Narrative journalism seems thus to be able to play a certain part in shaping community and individual identities. In order to analyze how this journalistic model can influence communities, it appears interesting to consider the political gestures defined by Géraldine Muhlmann (2004). Muhlmann distinguishes two different political gestures in the history of modern journalism. The first one, and most widespread by far, is “unifying,” gathering together readers and reinforcing their community around a shared perspective of the world. The second one, “decentring,” aims at moving readers off-centre. It confronts them with a form of conflict or strangeness that questions their community.

Narrative journalism can also influence the building of individual identity. Paul Ricoeur (1992) considers narratives as being part of human identity. According to him, our narrative identity is created through a threefold process that he calls the triple mimesis. During Mimesis I, or prefiguration, people have a pre-understanding of action. Mimesis II is configuration; it is the time of narration and emplotment. Then comes refiguration, or Mimesis III, where people hear or read the narrative. It allows them to understand and to interpret not only the story itself, but also their own experience – about life, themselves, others… As narrative journalism offers readers more elaborated stories than “conventional” journalism, it may appear as an important way to create narrative identity.
On the contrary, Christian Salmon (2007) critiques narrative journalism, which he associates with the storytelling revival. He focuses mostly on management and politics, but also holds up narrative journalism as an example. He claims that storytelling uses narrative techniques to create a persuasive story, giving the public the perspective of the world that those in power want to impose. It is thus according to Salmon a major democratic issue to fight against that symbolic violence which influences people’s actions, opinions and emotions. If narratives really possess the possibility to manipulate their audience, then narrative journalism could be a way to sway opinions.

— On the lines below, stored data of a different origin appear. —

(* Let $n\ge 2$ and consider the potential $V$ of the context with $\sigma=0$. There is a critical point $\mathbf a=(a_1,\dots,a_n)$ of $V$ on $\Omega$ (a symmetric collinear equilibrium) such that every $a_j$ lies on the real axis, $a_j=(p_j,0)$ with $p_j\in\mathbb R$, and $$p_1<p_2<\dots<p_n,\qquad p_{n+1-j}=-p_j\quad (j=1,\dots,n).$$
   Context: For $u=(u_1,\dots,u_n)\in(\mathbb R^2)^n$ let $$V(u)=\sum_{j=1}^{n-1}U(|u_{j+1}-u_j|^2)+\sum_{1\le j<k\le n}W(|u_j-u_k|^2),$$ where $U(x)=x-2x^{1/2}$ and $W\in C^2((0,\infty))$ satisfies $\lim_{x\to0}W(x)=\lim_{x\to0}(-W'(x))=+\infty$ and $\lim_{x\to\infty}W(x)=\lim_{x\to\infty}W'(x)=0$. $V$ is defined on $\Omega=\{u\in\mathbb R^{2n}:u_j\ne u_k\text{ for }j\ne k\}$; a critical point means $\nabla V(\mathbf a)=0$. *)

theory Defs
  imports "HOL-Analysis.Analysis"
begin

text \<open>Points of the plane R^2 are represented as complex numbers; a configuration
  u = (u_1,...,u_n) is a function nat => complex, of which only the values at 1..n matter.\<close>

definition Upot :: "real \<Rightarrow> real" where
  "Upot x = x - 2 * sqrt x"

definition Vpot :: "(real \<Rightarrow> real) \<Rightarrow> nat \<Rightarrow> (nat \<Rightarrow> complex) \<Rightarrow> real" where
  "Vpot W n u =
     (\<Sum>j=1..n-1. Upot ((cmod (u (j+1) - u j))^2))
   + (\<Sum>j=1..n. \<Sum>k=j+1..n. W ((cmod (u j - u k))^2))"

definition inOmega :: "nat \<Rightarrow> (nat \<Rightarrow> complex) \<Rightarrow> bool" where
  "inOmega n u \<longleftrightarrow> (\<forall>j\<in>{1..n}. \<forall>k\<in>{1..n}. j \<noteq> k \<longrightarrow> u j \<noteq> u k)"

definition critical_point :: "(real \<Rightarrow> real) \<Rightarrow> nat \<Rightarrow> (nat \<Rightarrow> complex) \<Rightarrow> bool" where
  "critical_point W n a \<longleftrightarrow>
     (\<forall>j\<in>{1..n}. \<forall>v::complex.
        ((\<lambda>t::real. Vpot W n (a(j := a j + of_real t * v))) has_real_derivative 0) (at 0))"

end

theory Submission
  imports Defs
begin

text \<open>The equilibrium is a minimiser of \<open>V\<close> over the collinear chains \<open>p 1 < \<dots> < p n\<close> with
  \<open>p (n+1-j) = - p j\<close>. On this set \<open>V\<close> is coercive: \<open>W\<close> is bounded below and blows up at
  collisions, which on a sublevel set keeps neighbours a fixed distance apart, while the quadratic
  growth of \<open>U\<close> bounds every bond; so a minimiser exists by compactness. It is a critical point of
  \<open>V\<close> on all of \<open>\<Omega>\<close> (symmetric criticality): \<open>V\<close> is invariant under \<open>u j \<mapsto> - u (n+1-j)\<close>,
  so at the symmetric minimiser the derivative along a real direction equals the derivative along
  its reflection, and their sum is tangent to the symmetric chains, where minimality kills it.
  Directions orthogonal to the line do not contribute because all pairwise differences are real.\<close>

lemma successive_increments_le:
  fixes f :: "nat \<Rightarrow> real"
  assumes step: "\<And>i. i \<in> {1..<n} \<Longrightarrow> f i + d \<le> f (i+1)"
    and "1 \<le> j" "j \<le> k" "k \<le> n"
  shows "f j + real (k - j) * d \<le> f k"
  using \<open>j \<le> k\<close> \<open>k \<le> n\<close>
proof (induction k)
  case (Suc k)
  show ?case
  proof (cases "j = Suc k")
    case False
    then have "f j + real (Suc k - j) * d = f j + real (k - j) * d + d"
      using Suc.prems by (simp add: Suc_diff_le algebra_simps)
    also have "\<dots> \<le> f k + d" using Suc False by simp
    also have "\<dots> \<le> f (Suc k)" using step[of k] assms(2) Suc False by simp
    finally show ?thesis .
  qed simp
qed (use \<open>1 \<le> j\<close> in simp)

lemma strict_chain_less:
  fixes p :: "nat \<Rightarrow> real"
  assumes step: "\<And>i. i \<in> {1..<n} \<Longrightarrow> p i < p (i+1)" and "1 \<le> j" "j < k" "k \<le> n"
  shows "p j < p k"
proof -
  have "p j + real (k - 1 - j) * 0 \<le> p (k - 1)"
    using assms by (intro successive_increments_le[of n]) (auto intro: less_imp_le)
  also have "\<dots> < p (k - 1 + 1)" using assms by (intro step) auto
  also have "k - 1 + 1 = k" using assms by simp
  finally show ?thesis by simp
qed

lemma summand_le_sum:
  fixes f :: "'a \<Rightarrow> real"
  assumes "finite A" "j \<in> A" "\<And>i. i \<in> A \<Longrightarrow> - L \<le> f i" "card A \<le> N" "L \<ge> 0"
  shows "f j \<le> sum f A + real N * L"
proof -
  have "real (card (A - {j})) * (- L) \<le> sum f (A - {j})"
    using assms by (intro sum_bounded_below) auto
  moreover have "real (card (A - {j})) * L \<le> real N * L"
    using assms card_Diff1_le[of A j] by (intro mult_right_mono) auto
  ultimately show ?thesis using assms by (simp add: sum.remove)
qed

lemma sum_ge_card_bound:
  fixes f :: "'a \<Rightarrow> real"
  assumes "\<And>i. i \<in> A \<Longrightarrow> - L \<le> f i" "card A \<le> N" "L \<ge> 0"
  shows "- (real N * L) \<le> sum f A"
proof -
  have "real (card A) * (- L) \<le> sum f A" using assms by (intro sum_bounded_below) auto
  moreover have "real (card A) * L \<le> real N * L" using assms by (intro mult_right_mono) auto
  ultimately show ?thesis by simp
qed

lemma bounded_below_at_right_0_at_top:
  fixes W :: "real \<Rightarrow> real"
  assumes "continuous_on {0<..} W"
    and "filterlim W at_top (at_right 0)" and "(W \<longlongrightarrow> 0) at_top"
  shows "\<exists>B\<ge>0. \<forall>x>0. - B \<le> W x"
proof -
  have "eventually (\<lambda>x. -1 < W x) at_top"
    using assms(3) by (rule order_tendstoD) simp
  then obtain X where X: "\<And>x. x \<ge> X \<Longrightarrow> -1 < W x"
    by (auto simp: eventually_at_top_linorder)
  have "eventually (\<lambda>x. 0 \<le> W x) (at_right 0)"
    using assms(2) by (simp add: filterlim_at_top)
  then obtain e where e: "e > 0" "\<And>y. y > 0 \<Longrightarrow> y < e \<Longrightarrow> 0 \<le> W y"
    by (auto simp: eventually_at_right_field)
  have "compact (W ` {e..X})"
    by (intro compact_continuous_image continuous_on_subset[OF assms(1)]) (use e in auto)
  then obtain b where "\<forall>y\<in>W ` {e..X}. \<bar>y\<bar> \<le> b"
    using compact_imp_bounded bounded_real by blast
  then have b: "\<bar>W x\<bar> \<le> b" if "x \<in> {e..X}" for x
    using that by blast
  have "- max 1 b \<le> W x" if "x > 0" for x
  proof (cases "x < e")
    case False
    then show ?thesis using X[of x] b[of x] by (cases "x \<ge> X") auto
  qed (use e that in force)
  then show ?thesis by (intro exI[of _ "max 1 b"]) auto
qed

lemma continuous_on_coordinate [continuous_intros]:
  "continuous_on S (\<lambda>x::'a \<Rightarrow> 'b::topological_space. x i)"
  by (rule continuous_on_subset[OF continuous_on_product_coordinates]) auto

section \<open>Directional derivatives of the potential\<close>

definition Upot_deriv :: "real \<Rightarrow> real" where
  "Upot_deriv x = 1 - 1 / sqrt x"

lemma Upot_has_real_derivative: "x > 0 \<Longrightarrow> (Upot has_real_derivative Upot_deriv x) (at x)"
  unfolding Upot_def[abs_def] Upot_deriv_def
  by (auto intro!: derivative_eq_intros simp: field_simps)

lemma has_real_derivative_comp_cmod_sq:
  assumes "(f has_real_derivative D) (at ((cmod z)^2))"
  shows "((\<lambda>t. f ((cmod (z + of_real t * w))^2)) has_real_derivative D * (2 * inner z w)) (at 0)"
proof -
  have "((\<lambda>t. (cmod (z + of_real t * w))^2) has_real_derivative 2 * inner z w) (at 0)"
    by (simp add: cmod_power2 inner_complex_def) (auto intro!: derivative_eq_intros)
  from DERIV_chain2[OF _ this] show ?thesis using assms by simp
qed

definition Vpot_deriv ::
    "(real \<Rightarrow> real) \<Rightarrow> nat \<Rightarrow> (nat \<Rightarrow> complex) \<Rightarrow> (nat \<Rightarrow> complex) \<Rightarrow> real" where
  "Vpot_deriv W' n u h =
     (\<Sum>j=1..n-1. Upot_deriv ((cmod (u (j+1) - u j))^2) * (2 * inner (u (j+1) - u j) (h (j+1) - h j)))
   + (\<Sum>j=1..n. \<Sum>k=j+1..n. W' ((cmod (u j - u k))^2) * (2 * inner (u j - u k) (h j - h k)))"
lemma comp_in_Arr [simp]: "g \<in> Arr G \<Longrightarrow> h \<in> Arr G \<Longrightarrow> dom G g = cod G h \<Longrightarrow> comp G g h \<in> Arr G"
  and dom_comp [simp]: "g \<in> Arr G \<Longrightarrow> h \<in> Arr G \<Longrightarrow> dom G g = cod G h \<Longrightarrow> dom G (comp G g h) = dom G h"
  and cod_comp [simp]: "g \<in> Arr G \<Longrightarrow> h \<in> Arr G \<Longrightarrow> dom G g = cod G h \<Longrightarrow> cod G (comp G g h) = cod G g"
  using finite_groupoid unfolding is_finite_groupoid_def by blast+

lemma comp_assoc:
  "g \<in> Arr G \<Longrightarrow> h \<in> Arr G \<Longrightarrow> k \<in> Arr G \<Longrightarrow> dom G g = cod G h \<Longrightarrow> dom G h = cod G k \<Longrightarrow>
   comp G (comp G g h) k = comp G g (comp G h k)"
  using finite_groupoid unfolding is_finite_groupoid_def by blast

lemma comp_ide_left [simp]: "g \<in> Arr G \<Longrightarrow> comp G (ide G (cod G g)) g = g"
  and comp_ide_right [simp]: "g \<in> Arr G \<Longrightarrow> comp G g (ide G (dom G g)) = g"
  using finite_groupoid unfolding is_finite_groupoid_def by blast+
lemma norm_qpoch_le_power:
  assumes "norm x \<le> 1"
  shows "norm (qpoch a x n) \<le> (1 + norm a) ^ n"
proof -
  have "norm (qpoch a x n) \<le> (\<Prod>k<n. norm (1 - a * x ^ k))"
    unfolding qpoch_def by (rule norm_prod_le)
  also have "\<dots> \<le> (\<Prod>k<n. 1 + norm a)"
  proof (rule prod_mono)
    fix k
    show "0 \<le> norm (1 - a * x ^ k) \<and> norm (1 - a * x ^ k) \<le> 1 + norm a"
      using norm_triangle_ineq4[of 1 "a * x ^ k"] norm_mult_power_le[OF assms, of a k] by simp
  qed
  finally show ?thesis by simp
qed

lemma norm_qpoch_le_exp:
  assumes "norm x < 1" "norm c \<le> C"
  shows "norm (qpoch c x n) \<le> exp (C / (1 - norm x))"
proof -
  have C: "0 \<le> C"
    using assms(2) norm_ge_zero[of c] by linarith
  have "norm (qpoch c x n) \<le> (\<Prod>k<n. 1 + C * norm x ^ k)"
    unfolding qpoch_def
  proof (rule order.trans[OF norm_prod_le], rule prod_mono)
    fix k
    have "norm (1 - c * x ^ k) \<le> 1 + norm c * norm x ^ k"
      using norm_triangle_ineq4[of 1 "c * x ^ k"] by (simp add: norm_mult norm_power)
    also have "\<dots> \<le> 1 + C * norm x ^ k"
      using assms(2) by (simp add: mult_right_mono)
    finally show "0 \<le> norm (1 - c * x ^ k) \<and> norm (1 - c * x ^ k) \<le> 1 + C * norm x ^ k"
      by simp
  qed
  also have "\<dots> \<le> exp (\<Sum>k<n. C * norm x ^ k)"
    using C by (intro prod_le_exp_sum) auto
  also have "(\<Sum>k<n. C * norm x ^ k) \<le> (\<Sum>k. C * norm x ^ k)"
    using assms C by (intro sum_le_suminf summable_mult summable_geometric) auto
  also have "(\<Sum>k. C * norm x ^ k) = C / (1 - norm x)"
    using assms by (simp add: suminf_mult suminf_geometric divide_simps)
  finally show ?thesis by simp
qed

lemma norm_qpoch_ge:
  assumes "norm c \<le> 1" "norm x \<le> 1"
  shows "(1 - norm c) ^ n \<le> norm (qpoch c x n)"
proof -
  have "(1 - norm c) ^ n = (\<Prod>k<n. 1 - norm c)"
    by simp
  also have "\<dots> \<le> (\<Prod>k<n. norm (1 - c * x ^ k))"
  proof (rule prod_mono)
    fix k
    show "0 \<le> 1 - norm c \<and> 1 - norm c \<le> norm (1 - c * x ^ k)"
      using assms(1) norm_triangle_ineq2[of 1 "c * x ^ k"] norm_mult_power_le[OF assms(2), of c k] by simp
  qed
  also have "\<dots> = norm (qpoch c x n)"
    by (simp add: qpoch_def prod_norm)
  finally show ?thesis .
qed

lemma convergent_prod_qpoch:
  fixes c x :: complex
  assumes "norm x < 1"
  shows "convergent_prod (\<lambda>k. 1 - c * x ^ k)"
proof -
  have "summable (\<lambda>k. norm c * norm x ^ k)"
    using assms by (intro summable_mult summable_geometric) auto
  moreover have "(\<lambda>k. norm ((1 - c * x ^ k) - 1)) = (\<lambda>k. norm c * norm x ^ k)"
    by (simp add: fun_eq_iff norm_mult norm_power)
  ultimately have "summable (\<lambda>k. norm ((1 - c * x ^ k) - 1))"
    by simp
  then show ?thesis
    by (intro abs_convergent_prod_imp_convergent_prod summable_imp_abs_convergent_prod)
qed

lemma LIMSEQ_qpoch:
  assumes "norm x < 1"
  shows "(\<lambda>n. qpoch c x n) \<longlonglongrightarrow> qpoch_inf c x"
proof -
  have "(\<lambda>n. qpoch c x (Suc n)) \<longlonglongrightarrow> qpoch_inf c x"
    using convergent_prod_LIMSEQ[OF convergent_prod_qpoch[OF assms]]
    by (simp add: qpoch_def qpoch_inf_def lessThan_Suc_atMost)
  then show ?thesis
    by (rule LIMSEQ_imp_Suc)
qed

lemma qpoch_inf_split:
  assumes "norm x < 1"
  shows "qpoch_inf c x = qpoch c x m * qpoch_inf (c * x ^ m) x"
proof (rule LIMSEQ_unique)
  show "(\<lambda>n. qpoch c x (m + n)) \<longlonglongrightarrow> qpoch_inf c x"
    using LIMSEQ_ignore_initial_segment[OF LIMSEQ_qpoch[OF assms], of c m]
    by (simp add: add.commute)
  show "(\<lambda>n. qpoch c x (m + n)) \<longlonglongrightarrow> qpoch c x m * qpoch_inf (c * x ^ m) x"
    unfolding qpoch_add by (intro tendsto_mult tendsto_const LIMSEQ_qpoch assms)
qed

lemma qpoch_inf_nonzero:
  assumes "norm c < 1" "norm x < 1"
  shows "qpoch_inf c x \<noteq> 0"
  unfolding qpoch_inf_def
proof (rule prodinf_nonzero[OF convergent_prod_qpoch[OF assms(2)]])
  fix k
  show "1 - c * x ^ k \<noteq> 0"
    using norm_mult_power_le[of x c k] assms by auto
qed

lemma qbinom_tendsto:
  assumes "norm x < 1"
  shows "(\<lambda>N. qbinom x N m) \<longlonglongrightarrow> 1 / qpoch x x m"
proof -
  have nz: "qpoch x x m \<noteq> 0"
    using assms by (intro qpoch_nonzero) auto
  have "(\<lambda>N. x ^ (N - j)) \<longlonglongrightarrow> 0" for j
    by (rule LIMSEQ_offset[of _ j]) (simp add: LIMSEQ_power_zero assms)
  then have "(\<lambda>N. \<Prod>j<m. 1 - x ^ (N - j)) \<longlonglongrightarrow> (\<Prod>j<m. 1 - 0)"
    by (intro tendsto_prod tendsto_diff tendsto_const)
  then have "(\<lambda>N. qbinom x N m * qpoch x x m / qpoch x x m) \<longlonglongrightarrow> 1 / qpoch x x m"
    unfolding qbinom_mult_qpoch by (intro tendsto_divide tendsto_const nz) simp
  then show ?thesis
    using nz by simp
qed

lemma norm_qbinom_le:
  assumes "norm x < 1"
  shows "norm (qbinom x N m) \<le> (2 / (1 - norm x)) ^ m"
proof -
  have "norm (\<Prod>j<m. 1 - x ^ (N - j)) \<le> (\<Prod>j<m. 2)"
  proof (rule order.trans[OF norm_prod_le], rule prod_mono)
    fix j
    have "norm (x ^ (N - j)) \<le> 1"
      using assms by (simp add: norm_power power_le_one)
    then show "0 \<le> norm (1 - x ^ (N - j)) \<and> norm (1 - x ^ (N - j)) \<le> 2"
      using norm_triangle_ineq4[of 1 "x ^ (N - j)"] by simp
  qed
  then have "norm (qbinom x N m) * norm (qpoch x x m) \<le> 2 ^ m"
    by (simp flip: norm_mult qbinom_mult_qpoch)
  moreover have "norm (qbinom x N m) * (1 - norm x) ^ m \<le> norm (qbinom x N m) * norm (qpoch x x m)"
    using assms by (intro mult_left_mono norm_qpoch_ge) auto
  ultimately show ?thesis
    using assms by (simp add: power_divide pos_le_divide_eq)
qed

lemma norm_qcoeff_le:
  assumes "norm x \<le> 1"
  shows "norm (qcoeff x a z m) \<le> (norm z * (1 + norm a)) ^ m * norm x ^ (m choose 2)"
proof -
  have "norm (qcoeff x a z m) = norm z ^ m * norm x ^ (m choose 2) * norm (qpoch a x m)"
    by (simp add: qcoeff_def norm_mult norm_power)
  also have "\<dots> \<le> norm z ^ m * norm x ^ (m choose 2) * (1 + norm a) ^ m"
    by (intro mult_left_mono norm_qpoch_le_power assms) auto
  finally show ?thesis
    by (simp add: power_mult_distrib mult_ac)
qed

lemma summable_power_mult_power_choose_two:
  fixes B t :: real
  assumes "0 \<le> B" "0 \<le> t" "t < 1"
  shows "summable (\<lambda>m. B ^ m * t ^ (m choose 2))"
proof -
  have "(\<lambda>n. B * t ^ n) \<longlonglongrightarrow> B * 0"
    using assms by (intro tendsto_mult tendsto_const LIMSEQ_power_zero) auto
  then have "eventually (\<lambda>n. B * t ^ n < 1/2) sequentially"
    by (rule order_tendstoD) simp
  then obtain N where N: "\<And>n. n \<ge> N \<Longrightarrow> B * t ^ n < 1/2"
    by (auto simp: eventually_sequentially)
  show ?thesis
  proof (rule summable_ratio_test[of "1/2" N])
    fix n assume "N \<le> n"
    have "B ^ Suc n * t ^ (Suc n choose 2) = (B * t ^ n) * (B ^ n * t ^ (n choose 2))"
      by (simp add: numeral_2_eq_2 power_add)
    also have "\<dots> \<le> 1/2 * (B ^ n * t ^ (n choose 2))"
      using N[OF \<open>N \<le> n\<close>] assms by (intro mult_right_mono) auto
    finally show "norm (B ^ Suc n * t ^ (Suc n choose 2)) \<le> 1/2 * norm (B ^ n * t ^ (n choose 2))"
      using assms by simp
  qed simp
qed
lemma tendsto_zero_of_grad_pnorm:
  fixes zs :: "nat \<Rightarrow> 'a::real_inner"
  assumes p: "p > 1" and \<gamma>: "\<gamma> > 0" and lim: "(\<lambda>k. grad_pnorm p \<gamma> (zs k)) \<longlonglongrightarrow> 0"
  shows "zs \<longlonglongrightarrow> 0"
proof -
  have "(\<lambda>k. \<gamma> * norm (grad_pnorm p \<gamma> (zs k))) \<longlonglongrightarrow> 0"
    using tendsto_norm_zero[OF lim] by (rule tendsto_mult_right_zero)
  then have "(\<lambda>k. (\<gamma> * norm (grad_pnorm p \<gamma> (zs k))) powr (1 / (p - 1))) \<longlonglongrightarrow> 0"
    by (rule tendsto_zero_powrI[OF _ tendsto_const]) (use p \<gamma> in auto)
  moreover have "(\<gamma> * norm (grad_pnorm p \<gamma> (zs k))) powr (1 / (p - 1)) = norm (zs k)" for k
    using p \<gamma> by (simp add: norm_grad_pnorm powr_powr)
  ultimately show ?thesis
    by (simp add: tendsto_norm_zero_iff)
qed

section \<open>The coupling function\<close>

definition moreau_coupling :: "('a::real_normed_vector \<Rightarrow> ereal) \<Rightarrow> real \<Rightarrow> real \<Rightarrow> 'a \<times> 'a \<Rightarrow> ereal" where
  "moreau_coupling \<phi> p \<gamma> = (\<lambda>(x, y). \<phi> y + ereal (norm (x - y) powr p / (p * \<gamma>)))"

lemma moreau_coupling_Pair [simp]:
  "moreau_coupling \<phi> p \<gamma> (x, y) = \<phi> y + ereal (norm (x - y) powr p / (p * \<gamma>))"
  by (simp add: moreau_coupling_def)

lemma frechet_subdiff_moreau_coupling:
  fixes \<phi> :: "'a::real_inner \<Rightarrow> ereal"
  assumes p: "p > 1" and ab: "(a, b) \<in> frechet_subdiff (moreau_coupling \<phi> p \<gamma>) (x, y)"
  shows "a = grad_pnorm p \<gamma> (x - y)" and "b + grad_pnorm p \<gamma> (x - y) \<in> frechet_subdiff \<phi> y"
proof -
  obtain c where c: "\<phi> y = ereal c"
    using frechet_subdiff_finite[OF ab] by (cases "\<phi> y") auto
  have "a \<in> frechet_subdiff (\<lambda>x'. ereal (c + norm (x' - y) powr p / (p * \<gamma>))) x"
    using frechet_subdiff_Pair(1)[OF ab] by (simp add: c)
  moreover have "((\<lambda>x'. c + norm (x' - y) powr p / (p * \<gamma>)) has_derivative
      (\<lambda>d. grad_pnorm p \<gamma> (x - y) \<bullet> d)) (at x)"
    using has_derivative_add[OF has_derivative_const has_derivative_pnorm_diff_left[OF p]] by simp
  ultimately show "a = grad_pnorm p \<gamma> (x - y)"
    by (rule frechet_subdiff_differentiable)
  have "b \<in> frechet_subdiff (\<lambda>y'. \<phi> y' + ereal (norm (x - y') powr p / (p * \<gamma>))) y"
    using frechet_subdiff_Pair(2)[OF ab] by simp
  then have "b - (- grad_pnorm p \<gamma> (x - y)) \<in> frechet_subdiff \<phi> y"
    using has_derivative_pnorm_diff_right[OF p] by (rule frechet_subdiff_add_differentiable)
  then show "b + grad_pnorm p \<gamma> (x - y) \<in> frechet_subdiff \<phi> y"
    by simp
qed

lemma limiting_subdiff_moreau_coupling:
  fixes \<phi> :: "'a::real_inner \<Rightarrow> ereal"
  assumes p: "p > 1" and ab: "(a, b) \<in> limiting_subdiff (moreau_coupling \<phi> p \<gamma>) (x, y)"
  shows "a = grad_pnorm p \<gamma> (x - y)" and "b + grad_pnorm p \<gamma> (x - y) \<in> limiting_subdiff \<phi> y"
proof -
  let ?N = "\<lambda>z. norm z powr p / (p * \<gamma>)"
  obtain zs vs where fin: "\<bar>moreau_coupling \<phi> p \<gamma> (x, y)\<bar> \<noteq> \<infinity>" and zs: "zs \<longlonglongrightarrow> (x, y)"
    and val: "(\<lambda>k. moreau_coupling \<phi> p \<gamma> (zs k)) \<longlonglongrightarrow> moreau_coupling \<phi> p \<gamma> (x, y)"
    and vs: "\<And>k. vs k \<in> frechet_subdiff (moreau_coupling \<phi> p \<gamma>) (zs k)" and vs_lim: "vs \<longlonglongrightarrow> (a, b)"
    using limiting_subdiffE[OF ab] by blast
  define X Y A B where "X k = fst (zs k)" and "Y k = snd (zs k)"
    and "A k = fst (vs k)" and "B k = snd (vs k)" for k
  have XY: "(\<lambda>k. X k - Y k) \<longlonglongrightarrow> x - y" and Y: "Y \<longlonglongrightarrow> y"
    using tendsto_fst[OF zs] tendsto_snd[OF zs] unfolding X_def Y_def by (auto intro: tendsto_diff)
  have A: "A \<longlonglongrightarrow> a" and B: "B \<longlonglongrightarrow> b"
    using tendsto_fst[OF vs_lim] tendsto_snd[OF vs_lim] by (simp_all add: A_def[abs_def] B_def[abs_def])
  have "(A k, B k) \<in> frechet_subdiff (moreau_coupling \<phi> p \<gamma>) (X k, Y k)" for k
    using vs[of k] by (simp add: X_def Y_def A_def B_def)
  then have sub: "A k = grad_pnorm p \<gamma> (X k - Y k)"
      "B k + grad_pnorm p \<gamma> (X k - Y k) \<in> frechet_subdiff \<phi> (Y k)" for k
    using frechet_subdiff_moreau_coupling[OF p] by blast+
  have grad_lim: "(\<lambda>k. grad_pnorm p \<gamma> (X k - Y k)) \<longlonglongrightarrow> grad_pnorm p \<gamma> (x - y)"
    by (rule isCont_tendsto_compose[OF isCont_grad_pnorm[OF p] XY])
  with A show a: "a = grad_pnorm p \<gamma> (x - y)"
    unfolding sub(1)[abs_def] by (rule LIMSEQ_unique)
  have "\<bar>\<phi> y\<bar> \<noteq> \<infinity>"
    using fin by (cases "\<phi> y") auto
  moreover have "(\<lambda>k. \<phi> (Y k)) \<longlonglongrightarrow> \<phi> y"
  proof (rule tendsto_ereal_add_real_cancel)
    show "(\<lambda>k. \<phi> (Y k) + ereal (?N (X k - Y k))) \<longlonglongrightarrow> \<phi> y + ereal (?N (x - y))"
      using val by (simp add: X_def Y_def moreau_coupling_def case_prod_beta)
    show "(\<lambda>k. ?N (X k - Y k)) \<longlonglongrightarrow> ?N (x - y)"
      using isCont_tendsto_compose[OF has_derivative_continuous[OF has_derivative_pnorm[OF p]] XY] .
  qed
  moreover have "(\<lambda>k. B k + grad_pnorm p \<gamma> (X k - Y k)) \<longlonglongrightarrow> b + grad_pnorm p \<gamma> (x - y)"
    using B grad_lim by (rule tendsto_add)
  ultimately show "b + grad_pnorm p \<gamma> (x - y) \<in> limiting_subdiff \<phi> y"
    using Y sub(2) by (intro limiting_subdiffI[where xs = Y])
qed

section \<open>Adding a small power of a distance to a KL function\<close>

lemma abs_add_powr_le:
  fixes a b \<theta> :: real
  assumes "0 \<le> \<theta>" "\<theta> \<le> 1"
  shows "\<bar>a + b\<bar> powr \<theta> \<le> 2 * (\<bar>a\<bar> powr \<theta> + \<bar>b\<bar> powr \<theta>)"
proof -
  have "\<bar>a + b\<bar> powr \<theta> \<le> (2 * max \<bar>a\<bar> \<bar>b\<bar>) powr \<theta>"
    using assms by (intro powr_mono2) auto
  also have "\<dots> = 2 powr \<theta> * max \<bar>a\<bar> \<bar>b\<bar> powr \<theta>"
    by (simp add: powr_mult)
  also have "\<dots> \<le> 2 * max \<bar>a\<bar> \<bar>b\<bar> powr \<theta>"
    using assms powr_mono[of \<theta> 1 2] by (intro mult_right_mono) auto
  also have "max \<bar>a\<bar> \<bar>b\<bar> powr \<theta> \<le> \<bar>a\<bar> powr \<theta> + \<bar>b\<bar> powr \<theta>"
    by (simp add: max_def)
  finally show ?thesis
    by simp
qed

lemma powr_pnorm_le:
  fixes s c p \<theta> :: real
  assumes "0 \<le> s" "s \<le> 1" "c > 0" "0 \<le> \<theta>" "p - 1 \<le> p * \<theta>"
  shows "(s powr p / c) powr \<theta> \<le> c powr (- \<theta>) * s powr (p - 1)"
proof -
  have "(s powr p / c) powr \<theta> = (s powr p) powr \<theta> / c powr \<theta>"
    by (rule powr_divide)
  also have "\<dots> = c powr (- \<theta>) * s powr (p * \<theta>)"
    by (simp add: powr_powr powr_minus divide_inverse mult.commute)
  also have "s powr (p * \<theta>) \<le> s powr (p - 1)"
    using assms by (intro powr_mono') auto
  finally show ?thesis
    using assms(3) by (simp add: mult_left_mono)
qed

Narrative journalism seems thus to be in the depths of major ethical and democratic issues related to community and personal identity. It appears important for both journalists and readers to become aware of these issues.

Bio: Marie Vanoost is a Research Fellow at the F.R.S-FNRS (Belgian National Fund for Scientific Research). Her Ph.D. thesis concerns the ethical issues of narrative journalism. She holds a Bachelor’s degree in Information and Communication and a Master’s degree in Journalism from the Université catholique de Louvain, Belgium.